Non-contrast computed tomography radiomics model to predict benign and malignant thyroid nodules with lobe segmentation: A dual-center study

Figure 1 Study inclusion flowchart. CT: Computed tomography; PTC: Papillary thyroid carcinoma; TA: Thyroid adenoma; NG: Nodular goiter.

Figure 2 Workflow of model development. CT: Computed tomography; PTC: Papillary thyroid carcinoma; TA: Thyroid adenoma; NG: Nodular goiter.

Figure 3 Least absolute shrinkage and selection operator feature selection and comparison. A: Least absolute shrinkage and selection operator feature selection plot, where the horizontal axis represents the logarithm of the regularization parameter (λ), and the vertical axis denotes the corresponding feature weights. As λ increases, feature weights progressively decrease until exclusion at zero; B: 10-fold cross-validation curve, where the vertical axis represents the cross-validated mean squared error. The λ-value at the lowest point (λ min) is identified as the optimal regularization parameter, balancing model complexity and prediction error; C: 27 radiomic features and their corresponding weight coefficients retained after least absolute shrinkage and selection operator regression; D: Correlation heatmap of the 27 selected radiomic features, with darker colors indicating stronger correlations.

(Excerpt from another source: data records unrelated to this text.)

(* Let $A\in\mathbb{R}^{n\times n}$, $B\in\mathbb{R}^n$, $n\ge2$. For $k=1,\dots,n-1$ let $\mathrm{an}_k\in\mathbb{R}^{(n-k)\times(n-k+1)}$ have full row rank $n-k$, and set $M_k=\mathrm{an}_k\mathrm{an}_{k-1}\cdots\mathrm{an}_1\in\mathbb{R}^{(n-k)\times n}$, $B_0=B$, $B_k=M_kA^kB$; assume $\mathrm{an}_kB_{k-1}=0$ for each $k$ (equivalently $M_kA^{k-1}B=0$). If $(A,B)$ is controllable, then for every $k=0,1,\dots,n-1$ the vectors $M_kA^kB,\,M_kA^{k+1}B,\dots,M_kA^{n-1}B$ (with $M_0=I_n$) are linearly independent, i.e. span a space of dimension $n-k$; in particular $B_k\neq0$ for all $k$. Equivalently, if $B_k=0$ for some $k$, then $\operatorname{rank}(B\;AB\;\cdots\;A^{n-1}B)<n$.
   Context: $(A,B)$ controllable means the controllability matrix $(B\;AB\;\cdots\;A^{n-1}B)$ has rank $n$. *)

theory Defs
  imports "Jordan_Normal_Form.DL_Rank"
begin

fun Mprod :: "nat \<Rightarrow> (nat \<Rightarrow> real mat) \<Rightarrow> nat \<Rightarrow> real mat" where
  "Mprod n an 0 = 1\<^sub>m n"
| "Mprod n an (Suc k) = an (Suc k) * Mprod n an k"

definition ctrb_mat :: "nat \<Rightarrow> real mat \<Rightarrow> real vec \<Rightarrow> real mat" where
  "ctrb_mat n A B = mat_of_cols n (map (\<lambda>j. (A ^\<^sub>m j) *\<^sub>v B) [0..<n])"

definition controllable :: "nat \<Rightarrow> real mat \<Rightarrow> real vec \<Rightarrow> bool" where
  "controllable n A B \<longleftrightarrow> vec_space.rank n (ctrb_mat n A B) = n"

end

theory Submission
  imports Defs
begin

text \<open>
  Let R_k be the square matrix of size n - k with columns M_k A^k B, ..., M_k A^(n-1) B;
  R_0 is the controllability matrix, invertible by assumption. Since M_(k+1) = an_(k+1) M_k,
  the product an_(k+1) R_k has first column an_(k+1) B_k = 0 and its remaining columns form
  R_(k+1). If R_k is invertible, an_(k+1) R_k has the same column space as an_(k+1), whose rank
  is n - k - 1, and dropping a zero column does not change the column space; so R_(k+1) is
  invertible too. Invertibility of R_k is the claimed linear independence.
\<close>

lemma mult_mat_vec_surj_if_det_ne_0:
  fixes P :: "'a :: field mat"
  assumes P: "P \<in> carrier_mat m m" and det: "det P \<noteq> 0" and x: "x \<in> carrier_vec m"
  shows "x \<in> (\<lambda>z. P *\<^sub>v z) ` carrier_vec m"
proof -
  from det_non_zero_imp_unit[OF P det, unfolded Units_def, of "()"]
  obtain Q where Q: "Q \<in> carrier_mat m m" and PQ: "P * Q = 1\<^sub>m m"
    by (auto simp: ring_mat_def)
  have "P *\<^sub>v (Q *\<^sub>v x) = x"
    using assoc_mult_mat_vec[OF P Q x] PQ x by simp
  with Q x show ?thesis by (metis image_eqI mult_mat_vec_carrier)
qed

lemma image_mult_mat_vec_mult_right:
  fixes C P :: "'a :: field mat"
  assumes C: "C \<in> carrier_mat r m" and P: "P \<in> carrier_mat m m" and det: "det P \<noteq> 0"
  shows "(\<lambda>x. (C * P) *\<^sub>v x) ` carrier_vec m = (\<lambda>y. C *\<^sub>v y) ` carrier_vec m"
proof -
  have "(\<lambda>x. (C * P) *\<^sub>v x) ` carrier_vec m = (\<lambda>y. C *\<^sub>v y) ` ((\<lambda>x. P *\<^sub>v x) ` carrier_vec m)"
    using assoc_mult_mat_vec[OF C P] by (auto simp: image_image)
  also have "(\<lambda>x. P *\<^sub>v x) ` carrier_vec m = carrier_vec m"
    using mult_mat_vec_surj_if_det_ne_0[OF P det] P by auto
  finally show ?thesis .
qed

lemma (in vec_space) rank_eq_if_image_eq:
  assumes A: "A \<in> carrier_mat n m" and B: "B \<in> carrier_mat n m'"
    and image: "(\<lambda>x. A *\<^sub>v x) ` carrier_vec m = (\<lambda>y. B *\<^sub>v y) ` carrier_vec m'"
  shows "rank A = rank B"
proof -
  have "col_space A = (\<lambda>x. A *\<^sub>v x) ` carrier_vec m"
    using col_space_eq[OF A] A by auto
  moreover have "col_space B = (\<lambda>y. B *\<^sub>v y) ` carrier_vec m'"
    using col_space_eq[OF B] B by auto
  ultimately show ?thesis
    using image unfolding rank_def col_space_def by simp
qed

definition drop_first_col :: "'a mat \<Rightarrow> 'a mat" where
  "drop_first_col X = mat (dim_row X) (dim_col X - 1) (\<lambda>(i, j). X $$ (i, Suc j))"

lemma drop_first_col_carrier:
  "X \<in> carrier_mat r (Suc m) \<Longrightarrow> drop_first_col X \<in> carrier_mat r m"
  unfolding drop_first_col_def by auto

lemma mult_mat_vec_drop_first_col:
  fixes X :: "'a :: comm_ring mat"
  assumes X: "X \<in> carrier_mat r (Suc m)" and col0: "col X 0 = 0\<^sub>v r"
    and x: "x \<in> carrier_vec (Suc m)"
  shows "X *\<^sub>v x = drop_first_col X *\<^sub>v vec m (\<lambda>j. x $ Suc j)"
proof (rule eq_vecI)
  fix i assume "i < dim_vec (drop_first_col X *\<^sub>v vec m (\<lambda>j. x $ Suc j))"
  then have i: "i < r" using X by (simp add: drop_first_col_def)
  have "X $$ (i, 0) = 0" using col0 i X by (metis col_def carrier_matD(1) index_vec index_zero_vec(1))
  then show "(X *\<^sub>v x) $ i = (drop_first_col X *\<^sub>v vec m (\<lambda>j. x $ Suc j)) $ i"
    using i X x
    by (simp add: drop_first_col_def scalar_prod_def atLeast0LessThan sum.lessThan_Suc_shift
        del: sum.lessThan_Suc)
qed (use X in \<open>simp add: drop_first_col_def\<close>)

lemma image_drop_first_col:
  fixes X :: "'a :: comm_ring mat"
  assumes X: "X \<in> carrier_mat r (Suc m)" and col0: "col X 0 = 0\<^sub>v r"
  shows "(\<lambda>y. drop_first_col X *\<^sub>v y) ` carrier_vec m
    = (\<lambda>x. X *\<^sub>v x) ` carrier_vec (Suc m)"
proof (intro equalityI subsetI)
  fix v assume "v \<in> (\<lambda>y. drop_first_col X *\<^sub>v y) ` carrier_vec m"
  then obtain y where y: "y \<in> carrier_vec m" and v: "v = drop_first_col X *\<^sub>v y" by blast
  have "vec m (\<lambda>j. vCons 0 y $ Suc j) = y" using y by auto
  then have "v = X *\<^sub>v vCons 0 y"
    using mult_mat_vec_drop_first_col[OF X col0, of "vCons 0 y"] y v by (simp add: vCons_def)
  with y show "v \<in> (\<lambda>x. X *\<^sub>v x) ` carrier_vec (Suc m)" by (simp add: vCons_def)
next
  fix v assume "v \<in> (\<lambda>x. X *\<^sub>v x) ` carrier_vec (Suc m)"
  with mult_mat_vec_drop_first_col[OF X col0]
  show "v \<in> (\<lambda>y. drop_first_col X *\<^sub>v y) ` carrier_vec m" by fastforce
qed

lemma det_drop_first_col_ne_0:
  fixes C P :: "'a :: field mat"
  assumes C: "C \<in> carrier_mat m (Suc m)" and rank: "vec_space.rank m C = m"
    and P: "P \<in> carrier_mat (Suc m) (Suc m)" and det: "det P \<noteq> 0"
    and col0: "col (C * P) 0 = 0\<^sub>v m"
  shows "det (drop_first_col (C * P)) \<noteq> 0"
proof -
  have CP: "C * P \<in> carrier_mat m (Suc m)" using C P by simp
  have drop: "drop_first_col (C * P) \<in> carrier_mat m m"
    using drop_first_col_carrier[OF CP] .
  have "(\<lambda>y. drop_first_col (C * P) *\<^sub>v y) ` carrier_vec m
      = (\<lambda>y. C *\<^sub>v y) ` carrier_vec (Suc m)"
    using image_drop_first_col[OF CP col0] image_mult_mat_vec_mult_right[OF C P det] by simp
  then have "vec_space.rank m (drop_first_col (C * P)) = m"
    using vec_space.rank_eq_if_image_eq[OF drop C] rank by simp
  then show ?thesis using vec_space.det_rank_iff[OF drop] by simp
qed

lemma coeff_zero_if_det_ne_0:
  fixes P :: "'a :: field mat"
  assumes P: "P \<in> carrier_mat m m" and det: "det P \<noteq> 0"
    and comb: "\<And>i. i < m \<Longrightarrow> (\<Sum>j<m. c j * P $$ (i, j)) = 0" and j: "j < m"
  shows "c j = 0"
proof -
  have "P *\<^sub>v vec m c = 0\<^sub>v m"
    using P comb by (intro eq_vecI) (auto simp: scalar_prod_def atLeast0LessThan mult.commute)
  then have "vec m c = 0\<^sub>v m" using det_0_iff_vec_prod_zero_field[OF P] det vec_carrier by blast
  then show ?thesis using j by (metis index_vec index_zero_vec(1))
qed

locale annihilator_chain =
  fixes n :: nat and A :: "real mat" and B :: "real vec" and an :: "nat \<Rightarrow> real mat"
  assumes A: "A \<in> carrier_mat n n" and B: "B \<in> carrier_vec n"
    and an_carrier: "\<And>k. 1 \<le> k \<Longrightarrow> k \<le> n - 1 \<Longrightarrow> an k \<in> carrier_mat (n - k) (n - k + 1)"
    and an_rank: "\<And>k. 1 \<le> k \<Longrightarrow> k \<le> n - 1 \<Longrightarrow> vec_space.rank (n - k) (an k) = n - k"
    and an_annihilates: "\<And>k. 1 \<le> k \<Longrightarrow> k \<le> n - 1 \<Longrightarrow>
           an k *\<^sub>v (Mprod n an (k - 1) *\<^sub>v ((A ^\<^sub>m (k - 1)) *\<^sub>v B)) = 0\<^sub>v (n - k)"
begin

lemma power_mult_B_carrier: "A ^\<^sub>m j *\<^sub>v B \<in> carrier_vec n"
  using A B by (meson mult_mat_vec_carrier pow_carrier_mat)

lemma Mprod_carrier: "k \<le> n - 1 \<Longrightarrow> Mprod n an k \<in> carrier_mat (n - k) n"
proof (induction k)
  case (Suc k)
  then have "an (Suc k) \<in> carrier_mat (n - Suc k) (n - k)"
    using an_carrier[of "Suc k"] by (simp add: Suc_diff_Suc)
  with Suc show ?case by simp
qed simp

definition reduced_ctrb_mat :: "nat \<Rightarrow> real mat" where
  "reduced_ctrb_mat k =
     mat (n - k) (n - k) (\<lambda>(i, j). (Mprod n an k *\<^sub>v (A ^\<^sub>m (k + j) *\<^sub>v B)) $ i)"

lemma reduced_ctrb_mat_carrier: "reduced_ctrb_mat k \<in> carrier_mat (n - k) (n - k)"
  by (simp add: reduced_ctrb_mat_def)

lemma reduced_ctrb_mat_0: "reduced_ctrb_mat 0 = ctrb_mat n A B"
  using power_mult_B_carrier
  by (intro eq_matI) (auto simp: reduced_ctrb_mat_def ctrb_mat_def mat_of_cols_index
      simp del: index_mult_mat_vec)

lemma an_mult_reduced_ctrb_mat:
  assumes k: "Suc k \<le> n - 1"
  shows "an (Suc k) * reduced_ctrb_mat k
    = mat (n - Suc k) (n - k) (\<lambda>(i, j). (Mprod n an (Suc k) *\<^sub>v (A ^\<^sub>m (k + j) *\<^sub>v B)) $ i)"
proof -
  have an: "an (Suc k) \<in> carrier_mat (n - Suc k) (n - k)"
    using an_carrier[of "Suc k"] k by (simp add: Suc_diff_Suc)
  have M: "Mprod n an k \<in> carrier_mat (n - k) n" using Mprod_carrier k by simp
  have "col (reduced_ctrb_mat k) j = Mprod n an k *\<^sub>v (A ^\<^sub>m (k + j) *\<^sub>v B)" if "j < n - k" for j
    using that M power_mult_B_carrier by (intro eq_vecI) (auto simp: reduced_ctrb_mat_def)
  then show ?thesis
    using an M power_mult_B_carrier reduced_ctrb_mat_carrier[of k]
    by (intro eq_matI) auto
qed

lemma reduced_ctrb_mat_Suc:
  assumes k: "Suc k \<le> n - 1"
  shows "reduced_ctrb_mat (Suc k) = drop_first_col (an (Suc k) * reduced_ctrb_mat k)"
  unfolding an_mult_reduced_ctrb_mat[OF k] unfolding drop_first_col_def reduced_ctrb_mat_def
  by (intro eq_matI) (auto simp del: Mprod.simps pow_mat.simps)

lemma col_an_mult_reduced_ctrb_mat_0:
  assumes k: "Suc k \<le> n - 1"
  shows "col (an (Suc k) * reduced_ctrb_mat k) 0 = 0\<^sub>v (n - Suc k)"
proof -
  have an: "an (Suc k) \<in> carrier_mat (n - Suc k) (n - k)"
    using an_carrier[of "Suc k"] k by (simp add: Suc_diff_Suc)
  have "Mprod n an (Suc k) *\<^sub>v (A ^\<^sub>m k *\<^sub>v B) = 0\<^sub>v (n - Suc k)"
    using an_annihilates[of "Suc k"] k Mprod_carrier[of k] an power_mult_B_carrier by simp
  then show ?thesis
    using k by (intro eq_vecI) (auto simp: an_mult_reduced_ctrb_mat)
qed

lemma det_reduced_ctrb_mat_ne_0:
  assumes ctrb: "controllable n A B" and k: "k \<le> n - 1"
  shows "det (reduced_ctrb_mat k) \<noteq> 0"
  using k
proof (induction k)
  case 0
  have "ctrb_mat n A B \<in> carrier_mat n n" by (simp add: ctrb_mat_def mat_of_cols_def)
  from vec_space.det_rank_iff[OF this] show ?case
    using ctrb reduced_ctrb_mat_0 unfolding controllable_def by simp
next
  case (Suc k)
  then have nk: "n - k = Suc (n - Suc k)" by simp
  have an: "an (Suc k) \<in> carrier_mat (n - Suc k) (Suc (n - Suc k))"
    using an_carrier[of "Suc k"] Suc.prems by simp
  have rank: "vec_space.rank (n - Suc k) (an (Suc k)) = n - Suc k"
    using an_rank[of "Suc k"] Suc.prems by simp
  have P: "reduced_ctrb_mat k \<in> carrier_mat (Suc (n - Suc k)) (Suc (n - Suc k))"
    using reduced_ctrb_mat_carrier[of k] nk by simp
  show ?case
    using det_drop_first_col_ne_0[OF an rank P] Suc col_an_mult_reduced_ctrb_mat_0 reduced_ctrb_mat_Suc
    by simp
qed

lemma reduced_ctrb_cols_lin_indpt:
  assumes ctrb: "controllable n A B" and k: "k \<le> n - 1"
    and comb: "\<forall>i < n - k. (\<Sum>j = k..<n. c j * (Mprod n an k *\<^sub>v (A ^\<^sub>m j *\<^sub>v B)) $ i) = 0"
    and j: "j \<in> {k..<n}"
  shows "c j = 0"
proof -
  have "(\<Sum>l<n - k. c (k + l) * reduced_ctrb_mat k $$ (i, l)) = 0" if i: "i < n - k" for i
  proof -
    have "(\<Sum>l<n - k. c (k + l) * reduced_ctrb_mat k $$ (i, l))
        = (\<Sum>l = 0..<n - k. c (l + k) * (Mprod n an k *\<^sub>v (A ^\<^sub>m (l + k) *\<^sub>v B)) $ i)"
      using i by (intro sum.cong) (auto simp: reduced_ctrb_mat_def add.commute)
    also have "\<dots> = (\<Sum>j = k..<n. c j * (Mprod n an k *\<^sub>v (A ^\<^sub>m j *\<^sub>v B)) $ i)"
      using k sum.shift_bounds_nat_ivl[of "\<lambda>j. c j * (Mprod n an k *\<^sub>v (A ^\<^sub>m j *\<^sub>v B)) $ i"
          0 k "n - k"]
      by simp
    finally show ?thesis using comb i by simp
  qed
  from coeff_zero_if_det_ne_0[OF reduced_ctrb_mat_carrier det_reduced_ctrb_mat_ne_0[OF ctrb k] this,
      of "j - k"]
  show ?thesis using j by (simp add: diff_less_mono)
qed

lemma Mprod_power_mult_B_ne_0:
  assumes ctrb: "controllable n A B" and k: "k < n"
  shows "Mprod n an k *\<^sub>v (A ^\<^sub>m k *\<^sub>v B) \<noteq> 0\<^sub>v (n - k)"
proof
  assume "Mprod n an k *\<^sub>v (A ^\<^sub>m k *\<^sub>v B) = 0\<^sub>v (n - k)"
  then have "\<forall>i < n - k.
      (\<Sum>j = k..<n. (if j = k then 1 else 0) * (Mprod n an k *\<^sub>v (A ^\<^sub>m j *\<^sub>v B)) $ i) = 0"
    using k by (simp add: if_distrib)
  moreover have "k \<le> n - 1" "k \<in> {k..<n}" using k by auto
  ultimately show False
    using reduced_ctrb_cols_lin_indpt[OF ctrb,
        where k = k and c = "\<lambda>j. if j = k then 1 else 0" and j = k]
    by simp
qed

end

theorem mainTheorem12:
  fixes n :: nat and A :: "real mat" and B :: "real vec" and an :: "nat \<Rightarrow> real mat"
  assumes "n \<ge> 2"
    and "A \<in> carrier_mat n n"
    and "B \<in> carrier_vec n"
    and "\<And>k. 1 \<le> k \<Longrightarrow> k \<le> n - 1 \<Longrightarrow> an k \<in> carrier_mat (n - k) (n - k + 1)"
    and "\<And>k. 1 \<le> k \<Longrightarrow> k \<le> n - 1 \<Longrightarrow> vec_space.rank (n - k) (an k) = n - k"
    and "\<And>k. 1 \<le> k \<Longrightarrow> k \<le> n - 1 \<Longrightarrow>
           an k *\<^sub>v (Mprod n an (k - 1) *\<^sub>v ((A ^\<^sub>m (k - 1)) *\<^sub>v B)) = 0\<^sub>v (n - k)"
    and "controllable n A B"
  shows "\<forall>k \<le> n - 1.
           (\<forall>c :: nat \<Rightarrow> real.
              (\<forall>i < n - k. (\<Sum>j = k..<n. c j * ((Mprod n an k *\<^sub>v ((A ^\<^sub>m j) *\<^sub>v B)) $ i)) = 0)
              \<longrightarrow> (\<forall>j \<in> {k..<n}. c j = 0))
           \<and> Mprod n an k *\<^sub>v ((A ^\<^sub>m k) *\<^sub>v B) \<noteq> 0\<^sub>v (n - k)"
proof (intro allI impI, rule conjI)
  interpret annihilator_chain n A B an
    using assms(2-6) by unfold_locales
  fix k assume k: "k \<le> n - 1"
  then show "\<forall>c :: nat \<Rightarrow> real.
      (\<forall>i < n - k. (\<Sum>j = k..<n. c j * ((Mprod n an k *\<^sub>v ((A ^\<^sub>m j) *\<^sub>v B)) $ i)) = 0)
      \<longrightarrow> (\<forall>j \<in> {k..<n}. c j = 0)"
    using reduced_ctrb_cols_lin_indpt[OF assms(7)] by blast
  show "Mprod n an k *\<^sub>v ((A ^\<^sub>m k) *\<^sub>v B) \<noteq> 0\<^sub>v (n - k)"
    using Mprod_power_mult_B_ne_0[OF assms(7)] k assms(1) by simp
qed

end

Figure 4 Radiomic score distribution across cohorts. A: Comparison of radiomic score (Radscore) between benign and malignant lesions in the training; B: Comparison of Radscore between benign and malignant lesions in the validation; C: Comparison of Radscore between benign and malignant lesions in the temporal test; D: Comparison of Radscore between benign and malignant lesions in the external test cohorts. ^aP < 0.05; ^bP < 0.001.

Figure 5 Performance evaluation of seven machine learning models. A: Receiver operating characteristic curves of different models across the training, validation, temporal test, and external test cohorts (from left to right). The area under the receiver operating characteristic curve quantifies classification performance, with higher area under the receiver operating characteristic curve values indicating superior discrimination; B: Calibration curves for different models in the training, validation, temporal test, and external test cohorts (from left to right). These curves assess the agreement between predicted probabilities and actual outcomes, with lower Brier scores indicating better calibration, as reflected by proximity to the 45° diagonal line; C: Decision curve analysis in the training, validation, temporal test, and external test cohorts (from left to right), evaluating the clinical net benefit of different models across probability thresholds. Overall, the extreme gradient boosting model exhibits consistent and superior performance across multiple cohorts. DT: Decision trees; KNM: K-nearest neighbors; LR: Logistic regression; RF: Random forests; LGBM: Light gradient boosting machines; SVM: Support vector machines; XGB: Extreme gradient boosting; AUC: Area under the receiver operating characteristic curve.

Figure 6 SHapley Additive exPlanations analysis and clinical application. A: Honeycomb and bar plot ranking SHapley Additive exPlanations values by feature importance; B: Case illustration of a 67-year-old female with an 8 mm right thyroid lobe nodule, pathologically confirmed as nodular goiter; C: Case illustration of a 43-year-old female with a 4 mm right thyroid lobe nodule, pathologically confirmed as papillary thyroid carcinoma. SHAP: SHapley Additive exPlanations.